▶ _What is expected_: From the line with "then obtain i" through the final line below, restate each line word for word and return nothing else.

▶ _Extracted records_:
lemma (in group) ord_eq_prime_power:
  assumes "x \<in> carrier G" "Factorial_Ring.prime (p :: nat)"
    and "x [^] (p ^ Suc n) = \<one>" "x [^] (p ^ n) \<noteq> \<one>"
  shows "ord x = p ^ Suc n"
proof -
  have "ord x dvd p ^ Suc n" using assms(1,3) pow_eq_id by blast
  then obtain i where i: "i \<le> Suc n" "ord x = p ^ i"
    using divides_primepow_nat[OF assms(2)] by blast
  have "\<not> p ^ i dvd p ^ n"
    using assms(1,4) i(2) by (simp add: pow_eq_id)
  then have "i = Suc n" using i(1) le_imp_power_dvd by (metis le_SucE)
  then show ?thesis using i(2) by simp
qed

lemma v1v3_eq: "gen_v1 \<otimes>\<^bsub>S_grp\<^esub> gen_v3 = ((1, 0, 1), (0, False))"
  by (simp add: gen_v1_def gen_v3_def mult_S_grp vadd_def vmod_def d8_act_def d8_mult_def)

lemma v1v3_in_carrier: "gen_v1 \<otimes>\<^bsub>S_grp\<^esub> gen_v3 \<in> carrier S_grp"
  by (simp add: v1v3_eq carrier_S_grp Z4_cube_def D8_elems_def)

lemma ord_v1v3: "group.ord S_grp (gen_v1 \<otimes>\<^bsub>S_grp\<^esub> gen_v3) = 4"
proof -
  interpret group S_grp by (rule group_S_grp)
  have "((1, 0, 1), (0, False)) [^]\<^bsub>S_grp\<^esub> (2 ^ Suc 1 :: nat) = \<one>\<^bsub>S_grp\<^esub>"
    "((1, 0, 1), (0, False)) [^]\<^bsub>S_grp\<^esub> (2 ^ 1 :: nat) \<noteq> \<one>\<^bsub>S_grp\<^esub>"
    by (simp_all add: numeral_eq_Suc mult_S_grp one_S_grp vadd_def vmod_def d8_act_def d8_mult_def)
  then show ?thesis
    using ord_eq_prime_power[OF v1v3_in_carrier, of 2 1] by (simp add: v1v3_eq)
qed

▶ _Result of the task_:
  then obtain i where i: "i \<le> Suc n" "ord x = p ^ i"
    using divides_primepow_nat[OF assms(2)] by blast
  have "\<not> p ^ i dvd p ^ n"
    using assms(1,4) i(2) by (simp add: pow_eq_id)
  then have "i = Suc n" using i(1) le_imp_power_dvd by (metis le_SucE)
  then show ?thesis using i(2) by simp
qed

lemma v1v3_eq: "gen_v1 \<otimes>\<^bsub>S_grp\<^esub> gen_v3 = ((1, 0, 1), (0, False))"
  by (simp add: gen_v1_def gen_v3_def mult_S_grp vadd_def vmod_def d8_act_def d8_mult_def)

lemma v1v3_in_carrier: "gen_v1 \<otimes>\<^bsub>S_grp\<^esub> gen_v3 \<in> carrier S_grp"
  by (simp add: v1v3_eq carrier_S_grp Z4_cube_def D8_elems_def)

lemma ord_v1v3: "group.ord S_grp (gen_v1 \<otimes>\<^bsub>S_grp\<^esub> gen_v3) = 4"
proof -
  interpret group S_grp by (rule group_S_grp)
  have "((1, 0, 1), (0, False)) [^]\<^bsub>S_grp\<^esub> (2 ^ Suc 1 :: nat) = \<one>\<^bsub>S_grp\<^esub>"
    "((1, 0, 1), (0, False)) [^]\<^bsub>S_grp\<^esub> (2 ^ 1 :: nat) \<noteq> \<one>\<^bsub>S_grp\<^esub>"
    by (simp_all add: numeral_eq_Suc mult_S_grp one_S_grp vadd_def vmod_def d8_act_def d8_mult_def)
  then show ?thesis
    using ord_eq_prime_power[OF v1v3_in_carrier, of 2 1] by (simp add: v1v3_eq)
qed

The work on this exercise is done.